Trying to define the scope (see also tdf#89775)... ECMA describes 28 Extended Properties: + 01. Application (Application Name) 02. AppVersion (Application Version) + 03. Characters (Total Number of Characters) + 04. CharactersWithSpaces (Number of Characters (With Spaces)) 05. Company (Name of Company) 06. DigSig (Digital Signature) 07. DocSecurity (Document Security) 08. HeadingPairs (Heading Pairs) 09. HiddenSlides (Number of Hidden Slides) 10. HLinks (Hyperlink List) 11. HyperlinkBase (Relative Hyperlink Base) 12. HyperlinksChanged (Hyperlinks Changed) 13. Lines (Number of Lines) 14. LinksUpToDate (Links Up-to-Date) 15. Manager (Name of Manager) 16. MMClips (Total Number of Multimedia Clips) 17. Notes (Number of Slides Containing Notes) + 18. Pages (Total Number of Pages) + 19. Paragraphs (Total Number of Paragraphs) 20. PresentationFormat (Intended Format of Presentation) 21. Properties (Application Specific File Properties) 22. ScaleCrop (Thumbnail Display Mode) 23. SharedDoc (Shared Document) 24. Slides (Slides Metadata Element) + 25. Template (Name of Document Template) 26. TitlesOfParts (Part Titles) + 27. TotalTime (Total Edit Time Metadata Element) + 28. Words (Word Count) Someone please help to mark the props that are really valid for LO and are present (or can be calculated) in the codebase
Migrating Whiteboard tags to Keywords: (easyHack difficultyBeginner skillCPP filter:ooxml) [NinjaEdit]

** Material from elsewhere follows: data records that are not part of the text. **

lemma prod_eq_by_periodic_gauge:
  fixes f g H :: "int \<Rightarrow> real"
  assumes step: "\<And>i. i \<in> {0..<int n} \<Longrightarrow> f i * H (i + 1) = g i * H i"
    and period: "H (int n) = H 0" and nonzero: "\<And>i. i \<in> {0..<int n} \<Longrightarrow> H i \<noteq> 0"
  shows "(\<Prod>i\<in>{0..<int n}. f i) = (\<Prod>i\<in>{0..<int n}. g i)"
proof (cases "n = 0")
  case False
  then have "H 0 \<noteq> 0"
    using nonzero[of 0] by simp
  then have shift: "(\<Prod>i\<in>{0..<int n}. H (i + 1)) = (\<Prod>i\<in>{0..<int n}. H i)"
    using prod_atLeastLessThan_int_shift[of H n] period by simp
  have "(\<Prod>i\<in>{0..<int n}. f i) * (\<Prod>i\<in>{0..<int n}. H (i + 1))
      = (\<Prod>i\<in>{0..<int n}. g i) * (\<Prod>i\<in>{0..<int n}. H i)"
    unfolding prod.distrib[symmetric] using step by (intro prod.cong) auto
  moreover have "(\<Prod>i\<in>{0..<int n}. H i) \<noteq> 0"
    using nonzero by simp
  ultimately show ?thesis
    unfolding shift by simp
qed simp

theorem mainTheorem17:
  fixes n j :: nat and P :: "int \<Rightarrow> real^3"
  assumes "0 < n"
    and "twisted_ngon n P" and "three_nice P"
    and "twisted_ngon n (T3 P)"
    and "j \<in> {1,2,3,4}"
    and "Finv j n P \<noteq> None" and "Finv j n (T3 P) \<noteq> None"
  shows "Finv j n (T3 P) = Finv j n P"
proof -
  note j = \<open>j \<in> {1,2,3,4}\<close>
  have nd: "nondegenerate P"
    using nondegenerate_if_T3_twisted assms(2-4) .
  obtain M c where M: "det M \<noteq> 0" and c: "\<And>k. c k \<noteq> 0"
    and monodromy: "(\<lambda>k. P (int n + k)) = (\<lambda>k. c k *\<^sub>R (M *v P k))"
    using twisted_ngon_monodromy[OF assms(2)] by blast
  have defined: "corners_defined j P i" "corners_defined j (T3 P) i" if "i \<in> {0..<int n}" for i
    using Finv_corners_defined assms(6,7) that by blast+
  have "(\<Prod>i\<in>{0..<int n}. corner_factor j (the (corner_even (T3 P) i)) (the (corner_odd (T3 P) i)))
      = (\<Prod>i\<in>{0..<int n}. corner_factor j (the (corner_even P i)) (the (corner_odd P i)))"
  proof (rule prod_eq_by_periodic_gauge[where H = "\<lambda>i. gauge j (\<lambda>k. P (i + k))"])
    show "gauge j (\<lambda>k. P (int n + k)) = gauge j (\<lambda>k. P (0 + k))"
      unfolding monodromy gauge_projective_invariant[OF c M] by simp
  qed (use corner_factor_T3_gauge[OF j nd] gauge_nonzero[OF j nd] defined in auto)
  then show ?thesis
    unfolding Finv_eq_Some_prod[OF j assms(6)] Finv_eq_Some_prod[OF j assms(7)] by simp
qed

end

JanI is default CC for Easy Hacks (Add Jan; remove LibreOffice Dev List from CC) [NinjaEdit]
oops, missed that bugzilla mail... "AppVersion" would sound obvious but iirc i tried to add that once and found that it really is "Microsoft Office version" - if the version number isn't formatted exactly like MSO version numbers are then MSO will complain that the document is invalid. (also i'm surprised that the "HLinks" anachronism still exists) one would think that Impress would have a SlideCount statistic but apparently it doesn't. so i think we're done here for now, nothing easily implemented left, thanks Alexey.